TASK REQUIREMENTS :: Identify, in the records below, every line where the string "linarith" appears, and copy each such line.

[[ SUPPLIED RECORDS open ]]

lemma weyl_controlled_step:
  fixes s Q1 :: nat and \<delta> C1 :: real
  assumes \<delta>0: "0 < \<delta>" and \<delta>1: "\<delta> \<le> 1" and Q1: "1 \<le> Q1" and IH: "weyl_controlled s (\<delta>^2/8) Q1 C1"
  shows "\<exists>(Q::nat) (C::real). 1 \<le> Q \<and> weyl_controlled (Suc s) \<delta> Q C"
proof -
  define \<sigma> where "\<sigma> = \<delta>^2 / (8 * real Q1)"
  define A where "A = (8 / \<delta>^2)^s * max C1 0"
  define c where "c = 2 * real Q1 / \<sigma>"
  define Es where "Es = descent_bound c (32 / \<sigma>^2) A (real s * real Q1) s"
  define K where "K = nat (ceiling (8 * pi * real s * Es / \<delta>)) + 1"
  define Q where "Q = nat (ceiling (c^s)) * fact (Suc s)"
  define N0 where "N0 = max (2 / \<delta>^2) (max (16 / \<sigma>^2)
    (max (32 * (c^s * A + real s * real Q1 * Es) / \<sigma>^2) (max (2 * real Q * real K) 1)))"
  define C where "C = max (16 * real Q * real K / \<delta>) (max (fact (Suc s) * Es) (N0 ^ Suc s))"
  have "1 \<le> real Q1 * real Q1" using Q1 mult_mono[of 1 "real Q1" 1 "real Q1"] by simp
  then have c1: "1 \<le> c" unfolding c_def \<sigma>_def using \<delta>0 \<delta>1 power_le_one[of \<delta> 2] by (simp add: field_simps)
  have Es0: "0 \<le> Es" unfolding Es_def A_def using c1 by (intro descent_bound_nonneg) auto
  have K1: "1 \<le> K" unfolding K_def by simp
  have "8 * pi * real s * Es / \<delta> \<le> real K" unfolding K_def by linarith
  then have KE: "2 * pi * real s * Es \<le> \<delta> * real K / 4" using \<delta>0 by (simp add: field_simps)
  have "1 \<le> c^s" using c1 by (rule one_le_power)
  then have "(1::int) \<le> ceiling (c^s)" using le_of_int_ceiling[of "c^s"] by linarith
  then have "1 \<le> nat (ceiling (c^s))" using nat_mono by fastforce
  then have Q1': "1 \<le> Q"
    unfolding Q_def using mult_le_mono[OF _ fact_ge_1[of "Suc s"], of 1] by (simp only: nat_mult_1)
  have "weyl_controlled (Suc s) \<delta> Q C"
    unfolding weyl_controlled_def
  proof (intro allI impI)
    fix b :: "nat \<Rightarrow> real" and N :: nat
    assume N1: "1 \<le> N" and hyp: "\<delta> * real N \<le> norm (\<Sum>n\<in>{1..N}. cis2pi (binom_poly (Suc s) b (real n)))"
    show "\<exists>q::nat. 1 \<le> q \<and> q \<le> Q \<and> (\<forall>j\<in>{1..Suc s}. real N ^ j * nint_dist (real q * b j) \<le> C)"
    proof (cases "real N < N0")
      case True
      have "1 \<le> N0" unfolding N0_def by simp
      moreover have "N0 ^ Suc s \<le> C" unfolding C_def by (intro max.coboundedI2 max.cobounded2)
      ultimately have "real N ^ j * nint_dist (real 1 * b j) \<le> C" if "j \<in> {1..Suc s}" for j
        using small_range_bound[OF True, of j "Suc s" "real 1 * b j"] that by fastforce
      then show ?thesis using Q1' by blast
    next
      case False
      then have Nb: "2 / \<delta>^2 \<le> real N" "16 / \<sigma>^2 \<le> real N"
        "32 * (c^s * A + real s * real Q1 * Es) / \<sigma>^2 \<le> real N" "2 * real Q * real K \<le> real N"
        unfolding N0_def by auto
      obtain m where m: "1 \<le> m" "real m \<le> c^s" and Eb: "\<forall>i\<in>{2..Suc s}. real N ^ i * nint_dist (real m * b i) \<le> Es"
        using higher_coeffs_controlled[OF \<sigma>_def A_def c_def Es_def \<delta>0 \<delta>1 Q1 IH Nb(1-3) hyp] by blast
      define D where "D = m * fact (Suc s)"
      have "real m \<le> of_int (ceiling (c^s))" using m(2) le_of_int_ceiling[of "c^s"] by linarith
      then have "m \<le> nat (ceiling (c^s))" by linarith
      then have DQ: "D \<le> Q" unfolding D_def Q_def by simp
      have "2 * real D * real K \<le> 2 * real Q * real K" using DQ by (intro mult_right_mono) auto
      then have "real (2 * (D * K)) \<le> real N" using Nb(4) by simp
      then have "2 * (D * K) \<le> N" by (simp only: of_nat_le_iff)
      then have "real N * nint_dist (real D * b 1) \<le> 16 * real D * real K / \<delta>"
        using linear_coeff_bound[OF \<delta>0 m(1) hyp Eb K1 KE] unfolding D_def by blast
      also have "\<dots> \<le> 16 * real Q * real K / \<delta>" using DQ \<delta>0 by (intro divide_right_mono mult_right_mono) auto
      finally have lin: "real N * nint_dist (real D * b 1) \<le> 16 * real Q * real K / \<delta>" .
      have "\<forall>j\<in>{1..Suc s}. real N ^ j * nint_dist (real D * b j) \<le> max (16 * real Q * real K / \<delta>) (fact (Suc s) * Es)"
        using coeffs_after_clearing[OF Eb lin[unfolded D_def]] unfolding D_def .
      moreover have "max (16 * real Q * real K / \<delta>) (fact (Suc s) * Es) \<le> C"
        unfolding C_def by (intro max.mono order_refl max.cobounded1)
      ultimately have "\<forall>j\<in>{1..Suc s}. real N ^ j * nint_dist (real D * b j) \<le> C" by (meson order_trans)
      moreover have "1 \<le> D" unfolding D_def using m(1) by (simp add: Suc_le_eq)
      ultimately show ?thesis using DQ by blast
    qed
  qed
  then show ?thesis using Q1' by blast
qed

[[ SUPPLIED RECORDS closed ]]

RESULT ::
  have "8 * pi * real s * Es / \<delta> \<le> real K" unfolding K_def by linarith
  then have "(1::int) \<le> ceiling (c^s)" using le_of_int_ceiling[of "c^s"] by linarith
      have "real m \<le> of_int (ceiling (c^s))" using m(2) le_of_int_ceiling[of "c^s"] by linarith
      then have "m \<le> nat (ceiling (c^s))" by linarith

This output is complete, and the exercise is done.